lemma take_exps_add_eq_iff:
  "take i (exps (a + c)) = take i (exps (b + c)) \<longleftrightarrow> take i (exps a) = take i (exps (b :: 'v::finite \<Rightarrow>\<^sub>0 nat))"
  by (simp add: list_eq_iff_nth_eq nth_exps_add)

lemma exps_add_less: "exps a < exps b \<Longrightarrow> exps (a + c) < exps (b + (c :: 'v::finite \<Rightarrow>\<^sub>0 nat))"
  unfolding list_less_def lexord_take_index_conv by (auto simp: take_exps_add_eq_iff nth_exps_add)

lemma exps_add_le: "exps a \<le> exps b \<Longrightarrow> exps (a + c) \<le> exps (b + (c :: 'v::finite \<Rightarrow>\<^sub>0 nat))"
  using exps_add_less[of a b c] by (auto simp: order_le_less exps_eq_iff)

lemma wf_exps_less: "wf {(a, b). exps a < exps (b :: 'v::finite \<Rightarrow>\<^sub>0 nat)}"
proof (rule wf_subset)
  show "wf (inv_image (lex {(u :: nat, v). u < v}) exps)"
    by (intro wf_inv_image wf_lex) (simp add: wf_less)
  show "{(a, b). exps a < exps (b :: 'v \<Rightarrow>\<^sub>0 nat)} \<subseteq> inv_image (lex {(u, v). u < v}) exps"
    by (auto simp: list_less_def lexord_lex)
qed

definition lead_mon :: "('v::finite, 'k::field) mpoly \<Rightarrow> ('v \<Rightarrow>\<^sub>0 nat)" where
  "lead_mon f = inv_into (keys f) exps (Max (exps ` keys f))"

lemma lead_mon_in_keys: "f \<noteq> 0 \<Longrightarrow> lead_mon f \<in> keys f"
  unfolding lead_mon_def by (intro inv_into_into) (auto intro!: Max_in)

lemma lookup_lead_mon_nonzero: "f \<noteq> 0 \<Longrightarrow> lookup f (lead_mon f) \<noteq> 0"
  using lead_mon_in_keys in_keys_iff by blast

lemma exps_lead_mon: "f \<noteq> 0 \<Longrightarrow> exps (lead_mon f) = Max (exps ` keys f)"
  unfolding lead_mon_def by (intro f_inv_into_f) (auto intro!: Max_in)

lemma exps_le_lead_mon: "m \<in> keys f \<Longrightarrow> exps m \<le> exps (lead_mon f)"
  by (subst exps_lead_mon) auto

lemma lead_mon_eqI: "m \<in> keys f \<Longrightarrow> (\<And>m'. m' \<in> keys f \<Longrightarrow> exps m' \<le> exps m) \<Longrightarrow> lead_mon f = m"
  by (metis antisym empty_iff keys_zero lead_mon_in_keys exps_le_lead_mon exps_eq_iff)

lemma exps_add_le_lead_mon:
  "a \<in> keys f \<Longrightarrow> b \<in> keys g \<Longrightarrow> exps (a + b) \<le> exps (lead_mon f + lead_mon g)"
  using exps_add_le[OF exps_le_lead_mon[of a f], of b] exps_add_le[OF exps_le_lead_mon[of b g], of "lead_mon f"]
  by (simp add: add.commute)

lemma lead_mon_add_unique:
  assumes "a \<in> keys f" "b \<in> keys g" "a + b = lead_mon f + lead_mon g"
  shows "a = lead_mon f \<and> b = lead_mon g"
proof -
  have "exps a = exps (lead_mon f)"
  proof (rule ccontr)
    assume "exps a \<noteq> exps (lead_mon f)"
    with exps_le_lead_mon[OF assms(1)] have "exps (a + b) < exps (lead_mon f + b)"
      by (simp add: exps_add_less)
    also have "\<dots> \<le> exps (lead_mon f + lead_mon g)"
      using exps_add_le[OF exps_le_lead_mon[OF assms(2)], of "lead_mon f"] by (simp add: add.commute)
    finally show False using assms(3) by simp
  qed
  with assms(3) show ?thesis by (simp add: exps_eq_iff)
qed

lemma lookup_mult_lead_mon:
  fixes f g :: "('v::finite, 'k::field) mpoly"
  assumes "f \<noteq> 0" "g \<noteq> 0"
  shows "lookup (f * g) (lead_mon f + lead_mon g) = lookup f (lead_mon f) * lookup g (lead_mon g)"
proof -
  let ?q = "lead_mon f + lead_mon g"
  have "lookup (f * g) ?q = (\<Sum>(a, b). lookup f a * lookup g b when ?q = a + b)"
    by (simp add: times_poly_mapping.rep_eq prod_fun_unfold_prod)
  also have "\<dots> = (\<Sum>ab. (case ab of (a, b) \<Rightarrow> lookup f a * lookup g b) when (lead_mon f, lead_mon g) = ab)"
  proof (rule Sum_any.cong, clarify)
    fix a b
    show "(lookup f a * lookup g b when ?q = a + b) =
        (lookup f a * lookup g b when (lead_mon f, lead_mon g) = (a, b))"
      using lead_mon_add_unique[of a f b g] by (cases "lookup f a * lookup g b = 0") (auto simp: when_def in_keys_iff)
  qed
  also have "\<dots> = lookup f (lead_mon f) * lookup g (lead_mon g)" by simp
  finally show ?thesis .
qed

lemma mult_nonzero: "f \<noteq> 0 \<Longrightarrow> g \<noteq> 0 \<Longrightarrow> f * (g :: ('v::finite, 'k::field) mpoly) \<noteq> 0"
  using lookup_mult_lead_mon[of f g] lookup_lead_mon_nonzero[of f] lookup_lead_mon_nonzero[of g] by auto

lemma power_nonzero: "f \<noteq> 0 \<Longrightarrow> f ^ k \<noteq> (0 :: ('v::finite, 'k::field) mpoly)"
  by (induction k) (auto simp: mult_nonzero)

lemma lead_mon_mult:
  fixes f g :: "('v::finite, 'k::field) mpoly"
  assumes "f \<noteq> 0" "g \<noteq> 0"
  shows "lead_mon (f * g) = lead_mon f + lead_mon g"
proof (rule lead_mon_eqI)
  show "lead_mon f + lead_mon g \<in> keys (f * g)"
    using lookup_mult_lead_mon[OF assms] lookup_lead_mon_nonzero[OF assms(1)] lookup_lead_mon_nonzero[OF assms(2)]
    by (simp add: in_keys_iff)
  fix m assume "m \<in> keys (f * g)"
  then obtain a b where "m = a + b" "a \<in> keys f" "b \<in> keys g" using keys_mult by blast
  then show "exps m \<le> exps (lead_mon f + lead_mon g)" using exps_add_le_lead_mon by blast
qed

lemma lead_mon_single: "c \<noteq> 0 \<Longrightarrow> lead_mon (Poly_Mapping.single a c :: ('v::finite, 'k::field) mpoly) = a"
  by (rule lead_mon_eqI) auto

section \<open>Noetherianity\<close>

lemma nat_seq_mono_subseq:
  fixes x :: "nat \<Rightarrow> nat"
  shows "\<exists>t :: nat \<Rightarrow> nat. strict_mono t \<and> mono (\<lambda>n. x (t n))"
proof -
  obtain t :: "nat \<Rightarrow> nat" where t: "strict_mono t" "monoseq (\<lambda>n. x (t n))"
    using seq_monosub by blast
  consider "\<forall>m. \<forall>n\<ge>m. x (t m) \<le> x (t n)" | "\<forall>m. \<forall>n\<ge>m. x (t n) \<le> x (t m)"
    using t(2) unfolding monoseq_def by blast
  then show ?thesis
  proof cases
    case 1
    then have "strict_mono t \<and> mono (\<lambda>n. x (t n))" using t(1) by (auto intro: monoI)
    then show ?thesis by blast
  next
    case 2
    define N where "N = (ARG_MIN (\<lambda>n. x (t n)) n. True)"
    have "x (t (N + n)) = x (t N)" for n
      using 2 arg_min_nat_le[of "\<lambda>_. True" "N + n" "\<lambda>n. x (t n)"] unfolding N_def
      by (simp add: antisym)
    then have "strict_mono (\<lambda>n. t (N + n)) \<and> mono (\<lambda>n. x (t (N + n)))"
      using t(1) by (simp add: strict_mono_def mono_def)
    then show ?thesis by blast
  qed
qed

__EXERCISE__.
"mpoly" is the string to look for; please copy every line of the records above where it appears.

__TASK RESPONSE__.
definition lead_mon :: "('v::finite, 'k::field) mpoly \<Rightarrow> ('v \<Rightarrow>\<^sub>0 nat)" where
  fixes f g :: "('v::finite, 'k::field) mpoly"
lemma mult_nonzero: "f \<noteq> 0 \<Longrightarrow> g \<noteq> 0 \<Longrightarrow> f * (g :: ('v::finite, 'k::field) mpoly) \<noteq> 0"
lemma power_nonzero: "f \<noteq> 0 \<Longrightarrow> f ^ k \<noteq> (0 :: ('v::finite, 'k::field) mpoly)"
  fixes f g :: "('v::finite, 'k::field) mpoly"
lemma lead_mon_single: "c \<noteq> 0 \<Longrightarrow> lead_mon (Poly_Mapping.single a c :: ('v::finite, 'k::field) mpoly) = a"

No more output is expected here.